This morning I am sitting here waiting for my Doctor to call. I called his office earlier asking for an appointment, and I always feel so fortunate that he usually makes time for me so my wait is seldom more than a day or two at best, but most often the same day. I do understand how blessed I am to have that with my doctor.
But today I am having a conversation with him that I have put off for far too long. Partly this has happened because I forget when I am in my appointment and if I haven’t written it down it doesn’t get talked about, and secondly I think I have been trying to deal with it on my own, but I realize know that I am no longer able to. This is another piece of Dementia that people too often understand or know about, and with Vascular Dementia many don’t understand that it is very common part of Vascular Dementia. I am talking about issues with incontinence. Seems funny doesn’t one would wonder how and why that is such a common issue with vascular Dementia, but our brains are the control centre for all and when there is not adequate blood flow and Oxygen to the Organs it effects things like muscle control, which is needed to have proper control of body functions, all body functions. Every one thinks it’s just memory, it is so so much more and often so much of it we don’t talk about.

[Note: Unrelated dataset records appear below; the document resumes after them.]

lemma nbhd1_if_quotient_map_continuous:
  assumes T: "topspace T = carrier G"
    and cont: "continuous_map T (subgroup_topology (G Mod \<Inter>\<K>) (quotient_base G \<K>)) (\<lambda>a. \<Inter>\<K> #> a)"
    and K: "K \<in> \<K>"
  shows "nbhd1 G T K"
proof -
  interpret Q: subgroup_base "G Mod \<Inter>\<K>" "quotient_base G \<K>" by (rule subgroup_base_quotient)
  let ?W = "{w \<in> topspace T. \<Inter>\<K> #> w \<in> (\<lambda>a. \<Inter>\<K> #> a) ` K}"
  have "(\<lambda>a. \<Inter>\<K> #> a) ` K \<in> quotient_base G \<K>"
    using K unfolding quotient_base_def by (rule imageI)
  then have "openin T ?W" by (rule openin_continuous_map_preimage[OF cont Q.openin_base])
  moreover have "\<one> \<in> ?W"
    using T imageI[OF subgroup.one_closed[OF subgroup_base_mem[OF K]], of "\<lambda>a. \<Inter>\<K> #> a"] by simp
  moreover have "?W \<subseteq> K"
  proof
    fix w assume "w \<in> ?W"
    then obtain k where "w \<in> carrier G" "k \<in> K" "\<Inter>\<K> #> w = \<Inter>\<K> #> k" using T by auto
    then show "w \<in> K" by (rule mem_base_if_coset_eq[OF K])
  qed
  moreover have "K \<subseteq> topspace T" using base_subset_carrier[OF K] T by simp
  ultimately show ?thesis unfolding nbhd1_def by blast
qed

end

section \<open>Free non-archimedean groups\<close>

definition f_bar_subbase :: "'a set \<Rightarrow> ('a \<times> 'a) set set \<Rightarrow> 'a word set set" where
  "f_bar_subbase S B = {{w \<in> carrier (free_group S). f_bar e w \<in> Q} | e Q.
     e \<in> B \<and> openin (discrete_topology (carrier (free_group (S // e)))) Q}"

locale uniform_free_group =
  fixes S :: "'a set" and U :: "('a \<times> 'a) set set" and B :: "('a \<times> 'a) set set"
  assumes uniformity: "uniformity_on_set S U"
    and base: "is_base U B"
    and equiv_base: "\<And>e. e \<in> B \<Longrightarrow> equiv S e"
begin

abbreviation FS :: "'a word monoid" where "FS \<equiv> free_group S"

sublocale F: group FS by (rule group_free_group)

lemma base_entourage: "e \<in> B \<Longrightarrow> e \<in> U"
  using base by (auto simp: is_base_def)

lemma base_subset: "e \<in> B \<Longrightarrow> e \<subseteq> S \<times> S"
  using equiv_base by (simp add: equiv_def refl_on_def)

lemma base_sym: "e \<in> B \<Longrightarrow> (x, y) \<in> e \<Longrightarrow> (y, x) \<in> e"
  using equiv_base by (auto simp: equiv_def sym_def)

lemma base_nonempty: "B \<noteq> {}"
proof -
  obtain E where "E \<in> U" using uniformity by (auto simp: uniformity_on_set_def)
  then obtain e where "e \<in> B" using base by (auto simp: is_base_def)
  then show ?thesis by blast
qed

lemma base_directed:
  assumes "e1 \<in> B" "e2 \<in> B"
  shows "\<exists>e3\<in>B. e3 \<subseteq> e1 \<inter> e2"
proof -
  have "\<forall>E\<in>U. \<forall>D\<in>U. E \<inter> D \<in> U"
    using uniformity unfolding uniformity_on_set_def by (rule conjunct1[OF conjunct2[OF conjunct2]])
  then have "e1 \<inter> e2 \<in> U" using base_entourage assms by blast
  then obtain e3 where "e3 \<in> B" "e3 \<subseteq> e1 \<inter> e2" using base unfolding is_base_def by blast
  then show ?thesis by blast
qed

lemma j2_j2s_subset_carrier:
  assumes e: "e \<in> B"
  shows "j2 S e \<union> j2s S e \<subseteq> carrier FS"
proof
  fix a assume "a \<in> j2 S e \<union> j2s S e"
  then obtain x y where xy: "(x, y) \<in> e"
    and a: "a = inv\<^bsub>FS\<^esub> ins x \<otimes>\<^bsub>FS\<^esub> ins y \<or> a = ins x \<otimes>\<^bsub>FS\<^esub> inv\<^bsub>FS\<^esub> ins y"
    unfolding j2_def j2s_def by blast
  have "x \<in> S" "y \<in> S" using xy base_subset[OF e] by auto
  then have "ins x \<in> carrier FS" "ins y \<in> carrier FS" by (simp_all add: ins_in_carrier)
  then show "a \<in> carrier FS" using a by auto
qed

lemma mem_V_psi_iff:
  "p \<in> V_psi S \<psi> \<longleftrightarrow>
     (\<exists>w\<in>carrier FS. \<exists>a\<in>j2 S (\<psi> w) \<union> j2s S (\<psi> w). p = w \<otimes>\<^bsub>FS\<^esub> a \<otimes>\<^bsub>FS\<^esub> inv\<^bsub>FS\<^esub> w)"
  unfolding V_psi_def by blast

lemma V_psi_subset_carrier:
  assumes \<psi>: "\<psi> \<in> carrier FS \<rightarrow> B"
  shows "V_psi S \<psi> \<subseteq> carrier FS"
proof
  fix p assume "p \<in> V_psi S \<psi>"
  then obtain w a where w: "w \<in> carrier FS" and a: "a \<in> j2 S (\<psi> w) \<union> j2s S (\<psi> w)"
    and p: "p = w \<otimes>\<^bsub>FS\<^esub> a \<otimes>\<^bsub>FS\<^esub> inv\<^bsub>FS\<^esub> w"
    unfolding mem_V_psi_iff by blast
  have "a \<in> carrier FS" using a j2_j2s_subset_carrier \<psi> w by blast
  then show "p \<in> carrier FS" using w p by simp
qed

lemma subgroup_generate_V_psi: "\<psi> \<in> carrier FS \<rightarrow> B \<Longrightarrow> subgroup (generate FS (V_psi S \<psi>)) FS"
  by (rule F.generate_is_subgroup[OF V_psi_subset_carrier])

lemma eps_tilde_eq_V_psi: "eps_tilde S e = V_psi S (\<lambda>_. e)"
  by (simp add: eps_tilde_def V_psi_def)

lemma j2_j2s_mono: "e \<subseteq> e' \<Longrightarrow> j2 S e \<union> j2s S e \<subseteq> j2 S e' \<union> j2s S e'"
  unfolding j2_def j2s_def by blast

lemma V_psi_mono:
  assumes "\<And>w. w \<in> carrier FS \<Longrightarrow> \<psi> w \<subseteq> \<psi>' w"
  shows "V_psi S \<psi> \<subseteq> V_psi S \<psi>'"
proof
  fix p assume "p \<in> V_psi S \<psi>"
  then obtain w a where "w \<in> carrier FS" "a \<in> j2 S (\<psi> w) \<union> j2s S (\<psi> w)"
    "p = w \<otimes>\<^bsub>FS\<^esub> a \<otimes>\<^bsub>FS\<^esub> inv\<^bsub>FS\<^esub> w"
    unfolding mem_V_psi_iff by blast
  moreover have "a \<in> j2 S (\<psi>' w) \<union> j2s S (\<psi>' w)" using calculation j2_j2s_mono assms by blast
  ultimately show "p \<in> V_psi S \<psi>'" unfolding mem_V_psi_iff by blast
qed

lemma j2_j2s_subset_V_psi:
  assumes \<psi>: "\<psi> \<in> carrier FS \<rightarrow> B"
  shows "j2 S (\<psi> \<one>\<^bsub>FS\<^esub>) \<union> j2s S (\<psi> \<one>\<^bsub>FS\<^esub>) \<subseteq> V_psi S \<psi>"
proof
  fix a assume a: "a \<in> j2 S (\<psi> \<one>\<^bsub>FS\<^esub>) \<union> j2s S (\<psi> \<one>\<^bsub>FS\<^esub>)"
  then have "a \<in> carrier FS" using j2_j2s_subset_carrier \<psi> by blast
  then have "a = \<one>\<^bsub>FS\<^esub> \<otimes>\<^bsub>FS\<^esub> a \<otimes>\<^bsub>FS\<^esub> inv\<^bsub>FS\<^esub> \<one>\<^bsub>FS\<^esub>" by simp
  then show "a \<in> V_psi S \<psi>" unfolding mem_V_psi_iff using a by blast
qed

lemma conj_generate_V_psi:
  assumes g: "g \<in> carrier FS" and \<psi>: "\<psi> \<in> carrier FS \<rightarrow> B"
    and k: "k \<in> generate FS (V_psi S (\<lambda>w. \<psi> (g \<otimes>\<^bsub>FS\<^esub> w)))"
  shows "g \<otimes>\<^bsub>FS\<^esub> k \<otimes>\<^bsub>FS\<^esub> inv\<^bsub>FS\<^esub> g \<in> generate FS (V_psi S \<psi>)"
proof -
  let ?H = "generate FS (V_psi S \<psi>)"
  let ?P = "{k \<in> carrier FS. g \<otimes>\<^bsub>FS\<^esub> k \<otimes>\<^bsub>FS\<^esub> inv\<^bsub>FS\<^esub> g \<in> ?H}"
  have "V_psi S (\<lambda>w. \<psi> (g \<otimes>\<^bsub>FS\<^esub> w)) \<subseteq> ?P"
  proof
    fix p assume "p \<in> V_psi S (\<lambda>w. \<psi> (g \<otimes>\<^bsub>FS\<^esub> w))"
    then obtain w a where w: "w \<in> carrier FS"
      and a: "a \<in> j2 S (\<psi> (g \<otimes>\<^bsub>FS\<^esub> w)) \<union> j2s S (\<psi> (g \<otimes>\<^bsub>FS\<^esub> w))"
      and p: "p = w \<otimes>\<^bsub>FS\<^esub> a \<otimes>\<^bsub>FS\<^esub> inv\<^bsub>FS\<^esub> w"
      unfolding mem_V_psi_iff by blast
    have gw: "g \<otimes>\<^bsub>FS\<^esub> w \<in> carrier FS" using g w by simp
    have ac: "a \<in> carrier FS" using a j2_j2s_subset_carrier \<psi> gw by blast
    have "(g \<otimes>\<^bsub>FS\<^esub> w) \<otimes>\<^bsub>FS\<^esub> a \<otimes>\<^bsub>FS\<^esub> inv\<^bsub>FS\<^esub> (g \<otimes>\<^bsub>FS\<^esub> w) \<in> V_psi S \<psi>"
      unfolding mem_V_psi_iff using gw a by blast
    moreover have "(g \<otimes>\<^bsub>FS\<^esub> w) \<otimes>\<^bsub>FS\<^esub> a \<otimes>\<^bsub>FS\<^esub> inv\<^bsub>FS\<^esub> (g \<otimes>\<^bsub>FS\<^esub> w)
        = g \<otimes>\<^bsub>FS\<^esub> p \<otimes>\<^bsub>FS\<^esub> inv\<^bsub>FS\<^esub> g"
      using g w ac p by (simp add: F.inv_mult_group F.m_assoc)
    ultimately have "g \<otimes>\<^bsub>FS\<^esub> p \<otimes>\<^bsub>FS\<^esub> inv\<^bsub>FS\<^esub> g \<in> ?H" by (metis generate.incl)
    moreover have "p \<in> carrier FS" using w ac p by simp
    ultimately show "p \<in> ?P" by simp
  qed
  then have "generate FS (V_psi S (\<lambda>w. \<psi> (g \<otimes>\<^bsub>FS\<^esub> w))) \<subseteq> ?P"
    by (rule F.generate_subgroup_incl[OF _ F.subgroup_conj_preimage[OF subgroup_generate_V_psi[OF \<psi>] g]])
  then show ?thesis using k by blast
qed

This is not a conversation I want to have know or ever, but the reality is it is effecting my quality of life so I can no longer put it off. Exercise and all the things I try to do to help make the incontinence less prevalent and did work for a time and at times I got total reprieve from the effects, although those periods of time are all but gone and those things I do have now stopped working so I need to bring my doctor into the fold. I don’t want medication, not sure if there is anything else we can do, but I will have the discussion, because my quality of life is more important to me than anything else, and I sup0se if medication can help with that then I will look at it. I like to have all the options then make a decision.
At 62 years old these are not conversations we like to have, not with our doctors not with anyone. Most people are too upset and self conscious to discuss these things, they can erode our self confidence, our sense of how we see ourselves, but these are the real parts and pieces of Dementia, and they do impact a persons quality of life and we need to talk about those things, no matter how uncomfortable they may be. I am having many issues with muscles throughout my body, it’s why I am trying so hard with exercise and bike riding walking ect. I am trying to keep the blood flow as best I can, living with Dementia is hard work and getting harder all time. But I am grateful that my doctor listens and does everything he can to try to help me with my quest to maintain my quality of life.
So I’m sure he will do some homework after our chat and then help me come to some decisions on treatment and managing this piece, another indicator that although we look fine, changes are often happening that others don’t see.
I hope you all enjoy your day, I’m off to give my Fig plant an shower while I await the Doctors call.